Missing From Police Evidence Room: $408K, 60 Guns, 4700 Bags Of Drugs
An audit of a Massachusetts police department’s evidence room has revealed that thousands of pieces of drug and property evidence, as well as around $408,000, went missing.
Braintree police officials released the audit’s findings on Wednesday and stated that the inquiry looked at evidence going back to 1999. What was found was astonishing: heat-sealed drug bags torn or cut open, bags of cash emptied, and the vanishing of at least 60 guns, including semiautomatic rifles.
Officials said a total of 4,709 pieces of narcotics evidence can not be accounted for and that an additional 38 pieces had been compromised. Most of the missing drug evidence is “bags of cocaine,” they said.
Also missing are 2,490 pieces of property evidence, which include everything from the aforementioned $408,000 in cash to videos, sexual assault kits, counterfeit money, bicycles and even vehicles. According to the audit, most of the money that disappeared came from cases from 2001, 2002, 2012 and 2013.
The revelations have already caused prosecutors to drop charges in a half-dozen Braintree cases and could potentially result in hundreds of additional cases being dismissed, officials said.
The audit was ordered by chief Russell W. Jenkins back in the spring, after he began to suspect there was something fishy going on in the evidence room. Consequently, the cop who ran the room killed herself in May, a week after speaking with the auditor. Two of the missing firearms were found in her home.
At Wednesday’s press conference, Mayor Joseph Sullivan said the investigation into the matter is still ongoing but stated that most of the missing evidence was probably disposed of during department purges in 2009 and 2012.
The purged evidence was not properly recorded, the audit states however, and remained in the computers as active – but hundreds of pieces of evidence continued to disappear after 2012 when no purges were being conducted.

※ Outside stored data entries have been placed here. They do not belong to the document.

(* $\mathrm{Ldim}(\mathcal N)=\infty$: for every $m\in\mathbb N$ there is a complete binary tree of depth $m$ shattered by $\mathcal N$.
   Context: $\mathcal N$ is the set of functions $f:[-1,1]\to\mathbb R$ of the form $f(x)=a_1\mathrm{ReLU}(w_1x+b_1)+a_2\mathrm{ReLU}(w_2x+b_2)+b$ with $w_1,w_2,b_1,b_2,a_1,a_2,b\in[-1,1]$, where $\mathrm{ReLU}(z)=\max\{0,z\}$. A complete binary tree of depth $m$ has internal nodes $v$ labeled by $x_v\in[-1,1]$, and the two edges leaving each internal node are labeled by two distinct real numbers; it is shattered by $\mathcal N$ if for every root-to-leaf path there exists $f\in\mathcal N$ with $f(x_v)$ equal to the label of the path's outgoing edge at $v$ for every node $v$ on the path. $\mathrm{Ldim}(\mathcal N)$ (the Littlestone dimension under $0/1$ loss) is the supremum of depths of shattered trees. *)

theory Defs
  imports "HOL-Library.Extended_Nat" Complex_Main
begin

definition relu :: "real \<Rightarrow> real" where
  "relu z = max 0 z"

text \<open>The class N of two-neuron ReLU networks with all parameters in [-1,1].
  Functions are represented as real => real; only their values on [-1,1] matter,
  since all node labels lie in [-1,1].\<close>
definition NN :: "(real \<Rightarrow> real) set" where
  "NN = {f. \<exists>w1 w2 b1 b2 a1 a2 b.
      w1 \<in> {-1..1} \<and> w2 \<in> {-1..1} \<and> b1 \<in> {-1..1} \<and> b2 \<in> {-1..1} \<and>
      a1 \<in> {-1..1} \<and> a2 \<in> {-1..1} \<and> b \<in> {-1..1} \<and>
      f = (\<lambda>x. a1 * relu (w1 * x + b1) + a2 * relu (w2 * x + b2) + b)}"

text \<open>A complete binary tree of depth m: internal nodes are bit strings v with
  length v < m (the root is []); node v is labelled by X v, and the edge leaving v
  in direction d is labelled by Y v d. A root-to-leaf path is a bit string p with
  length p = m; its i-th node is take i p and the outgoing edge there is p ! i.\<close>
definition shattered_tree ::
  "(real \<Rightarrow> real) set \<Rightarrow> nat \<Rightarrow> (bool list \<Rightarrow> real) \<Rightarrow> (bool list \<Rightarrow> bool \<Rightarrow> real) \<Rightarrow> bool" where
  "shattered_tree H m X Y \<longleftrightarrow>
     (\<forall>v. length v < m \<longrightarrow> X v \<in> {-1..1} \<and> Y v True \<noteq> Y v False) \<and>
     (\<forall>p. length p = m \<longrightarrow>
        (\<exists>f\<in>H. \<forall>i<m. f (X (take i p)) = Y (take i p) (p ! i)))"

definition ldim :: "(real \<Rightarrow> real) set \<Rightarrow> enat" where
  "ldim H = Sup {enat m | m. \<exists>X Y. shattered_tree H m X Y}"

end

theory Submission
  imports Defs
begin

text \<open>Node v of the tree is labelled by the midpoint of the dyadic interval
  of [0,1] addressed by the bit string v, so that a root-to-leaf path p walks down to a leaf
  interval [L,R] of length 2^-m, lying to the right of every node where p branches True and
  to the left of every node where it branches False. The clipped ramp
  relu (x - L) - relu (x - R), a network in N, is 0 left of L and 2^-m right of R, so it
  realizes the edge labels 0 (True) and 2^-m (False) along p.\<close>

fun bin_value :: "bool list \<Rightarrow> nat" where
  "bin_value [] = 0"
| "bin_value (b # bs) = (if b then 2 ^ length bs else 0) + bin_value bs"

lemma bin_value_append: "bin_value (xs @ ys) = bin_value xs * 2 ^ length ys + bin_value ys"
  by (induction xs) (auto simp: algebra_simps power_add)

lemma bin_value_less: "bin_value xs < 2 ^ length xs"
  by (induction xs) (auto simp: algebra_simps)

lemma bin_value_branch_iff:
  "(2 * bin_value v + 1) * 2 ^ length d \<le> bin_value (v @ b # d) \<longleftrightarrow> b"
proof -
  have "bin_value (v @ b # d) = 2 * bin_value v * 2 ^ length d + (if b then 2 ^ length d else 0)
          + bin_value d"
    by (simp add: bin_value_append)
  with bin_value_less[of d] show ?thesis
    by (simp add: algebra_simps)
qed

definition dyadic_mid :: "bool list \<Rightarrow> real" where
  "dyadic_mid v = (2 * bin_value v + 1) / 2 ^ Suc (length v)"

lemma dyadic_mid_bounds: "0 < dyadic_mid v \<and> dyadic_mid v < 1"
proof -
  have "2 * bin_value v + 1 < (2::nat) ^ Suc (length v)"
    using bin_value_less[of v] by simp
  then have "real (2 * bin_value v + 1) < 2 ^ Suc (length v)"
    by (simp only: of_nat_less_numeral_power_cancel_iff)
  then show ?thesis
    by (simp add: dyadic_mid_def)
qed

lemma dyadic_mid_vs_leaf:
  fixes v d :: "bool list" and b :: bool
  defines "p \<equiv> v @ b # d"
  shows "b \<Longrightarrow> dyadic_mid v \<le> bin_value p / 2 ^ length p"
    and "\<not> b \<Longrightarrow> (bin_value p + 1) / 2 ^ length p \<le> dyadic_mid v"
proof -
  define c where "c = (2 * bin_value v + 1) * 2 ^ length d"
  have mid: "dyadic_mid v = real c / 2 ^ length p"
    unfolding p_def c_def dyadic_mid_def by (simp add: power_add field_simps)
  have branch: "b \<longleftrightarrow> c \<le> bin_value p"
    unfolding p_def c_def by (rule bin_value_branch_iff[symmetric])
  show "b \<Longrightarrow> dyadic_mid v \<le> bin_value p / 2 ^ length p"
    using branch unfolding mid by (simp add: divide_right_mono)
  show "\<not> b \<Longrightarrow> (bin_value p + 1) / 2 ^ length p \<le> dyadic_mid v"
    using branch unfolding mid by (simp add: divide_right_mono)
qed

definition ramp :: "real \<Rightarrow> real \<Rightarrow> real \<Rightarrow> real" where
  "ramp L R x = relu (x - L) - relu (x - R)"

lemma ramp_in_NN:
  assumes "L \<in> {-1..1}" "R \<in> {-1..1}"
  shows "ramp L R \<in> NN"
proof -
  have "ramp L R = (\<lambda>x. 1 * relu (1 * x + - L) + (- 1) * relu (1 * x + - R) + 0)"
    by (auto simp: ramp_def)
  moreover have "- L \<in> {-1..1}" "- R \<in> {-1..1}" "(1::real) \<in> {-1..1}" "(- 1::real) \<in> {-1..1}"
    "(0::real) \<in> {-1..1}"
    using assms by auto
  ultimately show ?thesis
    unfolding NN_def by blast
qed

lemma ramp_left: "x \<le> L \<Longrightarrow> L \<le> R \<Longrightarrow> ramp L R x = 0"
  by (simp add: ramp_def relu_def)

lemma ramp_right: "R \<le> x \<Longrightarrow> L \<le> R \<Longrightarrow> ramp L R x = R - L"
  by (simp add: ramp_def relu_def)

lemma shattered_tree_NN_dyadic_mid:
  "shattered_tree NN m dyadic_mid (\<lambda>v b. if b then 0 else 1 / 2 ^ m)"
  unfolding shattered_tree_def
proof (intro conjI allI impI)
  fix v :: "bool list"
  show "dyadic_mid v \<in> {-1..1}"
    using dyadic_mid_bounds[of v] by simp
  show "(if True then 0 else 1 / 2 ^ m) \<noteq> (if False then 0 else 1 / (2::real) ^ m)"
    by simp
next
  fix p :: "bool list"
  assume p: "length p = m"
  define L where "L = real (bin_value p) / 2 ^ m"
  define R where "R = real (bin_value p + 1) / 2 ^ m"
  have "bin_value p + 1 \<le> (2::nat) ^ m"
    using bin_value_less[of p] p by simp
  then have "real (bin_value p + 1) \<le> 2 ^ m"
    by (simp only: of_nat_le_numeral_power_cancel_iff)
  then have LR: "0 \<le> L" "L \<le> R" "R \<le> 1"
    by (simp_all add: L_def R_def divide_right_mono)
  have "R - L = 1 / 2 ^ m"
    by (simp add: L_def R_def diff_divide_distrib[symmetric])
  have "ramp L R (dyadic_mid (take i p)) = (if p ! i then 0 else 1 / 2 ^ m)" if "i < m" for i
  proof -
    have split: "p = take i p @ p ! i # drop (Suc i) p"
      using that p by (simp add: id_take_nth_drop)
    note leaf = dyadic_mid_vs_leaf[of "p ! i" "take i p" "drop (Suc i) p", folded split,
        unfolded p, folded L_def R_def]
    show ?thesis
    proof (cases "p ! i")
      case True
      then show ?thesis using leaf(1) LR by (simp add: ramp_left)
    next
      case False
      then show ?thesis using leaf(2) LR \<open>R - L = 1 / 2 ^ m\<close> by (simp add: ramp_right)
    qed
  qed
  moreover have "ramp L R \<in> NN"
    using LR by (intro ramp_in_NN) auto
  ultimately show "\<exists>f\<in>NN. \<forall>i<m. f (dyadic_mid (take i p)) = (if p ! i then 0 else 1 / 2 ^ m)"
    by blast
qed

lemma ldim_eq_infinity_if_shattered_trees_of_all_depths:
  assumes "\<And>m. \<exists>X Y. shattered_tree H m X Y"
  shows "ldim H = \<infinity>"
proof -
  have "{enat m | m. \<exists>X Y. shattered_tree H m X Y} = range enat"
    using assms by auto
  moreover have "infinite (range enat)"
    by (simp add: finite_image_iff inj_on_def)
  ultimately show ?thesis
    by (simp add: ldim_def Sup_enat_def)
qed

theorem theoremE1:
  shows "ldim NN = \<infinity> \<and> (\<forall>m::nat. \<exists>X Y. shattered_tree NN m X Y)"
  using shattered_tree_NN_dyadic_mid ldim_eq_infinity_if_shattered_trees_of_all_depths by blast

end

Sullivan maintained that since the audit was conducted, all but 12 of the firearms have been found and that about $140,000 of the missing cash was recovered. He said that new protocols and procedures have already been established for how evidence is to be handled in the future.
“There is still a lot more work to be done to determine a fully accurate account of these items, and the department is continuing their efforts in that regard,” Sullivan said. “I want to emphasize that I find these findings troubling, and we are going to take steps to correct them.”